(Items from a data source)
■ ■ ■ ■
lemma nonflat_vertices_image: "nonflat_vertices Y s' \<subseteq> (\<lambda>U. h ` U) ` nonflat_vertices X s"
proof
  fix U assume "U \<in> nonflat_vertices Y s'"
  then obtain x where "x \<in> X" "U = vorb s' (h x)" "vdeg s' (h x) \<noteq> 4"
    using image unfolding nonflat_vertices_def by blast
  then show "U \<in> (\<lambda>U. h ` U) ` nonflat_vertices X s"
    using vorb_image vdeg_eq unfolding nonflat_vertices_def by auto
qed

end

lemma countable_cmap_iso_nat:
  assumes "countable X" "\<And>x. x \<in> X \<Longrightarrow> a x \<in> X" "\<And>x. x \<in> X \<Longrightarrow> s x \<in> X"
  obtains Y :: "nat set" and a' s' h where "cmap_iso X a s Y a' s' h"
proof
  let ?h = "to_nat_on X"
  have inj: "inj_on ?h X" using assms(1) by (rule inj_on_to_nat_on)
  show "cmap_iso X a s (?h ` X) (\<lambda>n. ?h (a (inv_into X ?h n))) (\<lambda>n. ?h (s (inv_into X ?h n))) ?h"
    using assms inj by unfold_locales (simp_all add: inj_on_imp_bij_betw)
qed

definition dart_word :: "('d \<Rightarrow> 'd) \<Rightarrow> ('d \<Rightarrow> 'd) \<Rightarrow> 'd \<Rightarrow> bool list \<Rightarrow> 'd" where
  "dart_word \<alpha> \<sigma> d\<^sub>0 bs = foldr (\<lambda>b d. if b then \<sigma> d else \<alpha> d) bs d\<^sub>0"

lemma vorb_dart_word: "vorb \<sigma> (dart_word \<alpha> \<sigma> d\<^sub>0 bs) \<subseteq> range (dart_word \<alpha> \<sigma> d\<^sub>0)"
proof -
  have "(\<sigma> ^^ n) (dart_word \<alpha> \<sigma> d\<^sub>0 bs) = dart_word \<alpha> \<sigma> d\<^sub>0 (replicate n True @ bs)" for n
    by (induction n) (simp_all add: dart_word_def)
  then show ?thesis unfolding vorb_def by auto
qed

lemma countable_darts:
  assumes conn: "connected_map D \<alpha> \<sigma>" and d\<^sub>0: "d\<^sub>0 \<in> D"
  shows "countable D"
proof -
  have reach: "vorb \<sigma> d \<subseteq> range (dart_word \<alpha> \<sigma> d\<^sub>0)"
    if "is_walk D \<alpha> \<sigma> (vorb \<sigma> (dart_word \<alpha> \<sigma> d\<^sub>0 bs)) w (vorb \<sigma> d)" for w bs d
    using that
  proof (induction w arbitrary: bs)
    case Nil
    then show ?case using vorb_dart_word[of \<sigma> \<alpha> d\<^sub>0 bs] by simp
  next
    case (Cons e w)
    then have "e \<in> vorb \<sigma> (dart_word \<alpha> \<sigma> d\<^sub>0 bs)" using vorb_self[of e \<sigma>] by simp
    then have "e \<in> range (dart_word \<alpha> \<sigma> d\<^sub>0)" using vorb_dart_word[of \<sigma> \<alpha> d\<^sub>0 bs] by blast
    then obtain cs where "e = dart_word \<alpha> \<sigma> d\<^sub>0 cs" by blast
    then have "\<alpha> e = dart_word \<alpha> \<sigma> d\<^sub>0 (False # cs)" by (simp add: dart_word_def)
    then show ?case using Cons.IH[of "False # cs"] Cons.prems by simp
  qed
  have "D \<subseteq> range (dart_word \<alpha> \<sigma> d\<^sub>0)"
  proof
    fix d assume "d \<in> D"
    then obtain w where "is_walk D \<alpha> \<sigma> (vorb \<sigma> d\<^sub>0) w (vorb \<sigma> d)"
      using conn d\<^sub>0 unfolding connected_map_def verts_def by blast
    moreover have "dart_word \<alpha> \<sigma> d\<^sub>0 [] = d\<^sub>0" by (simp add: dart_word_def)
    ultimately have "vorb \<sigma> d \<subseteq> range (dart_word \<alpha> \<sigma> d\<^sub>0)" using reach[where w = w and bs = "[]" and d = d] by simp
    then show "d \<in> range (dart_word \<alpha> \<sigma> d\<^sub>0)" using vorb_self[of d \<sigma>] by blast
  qed
  then show ?thesis by (rule countable_subset) simp
qed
■ ■ ■ ■
In the records above, tally the lines where the word "rule" appears, and give the number and nothing else.

### EXERCISE SOLUTION
2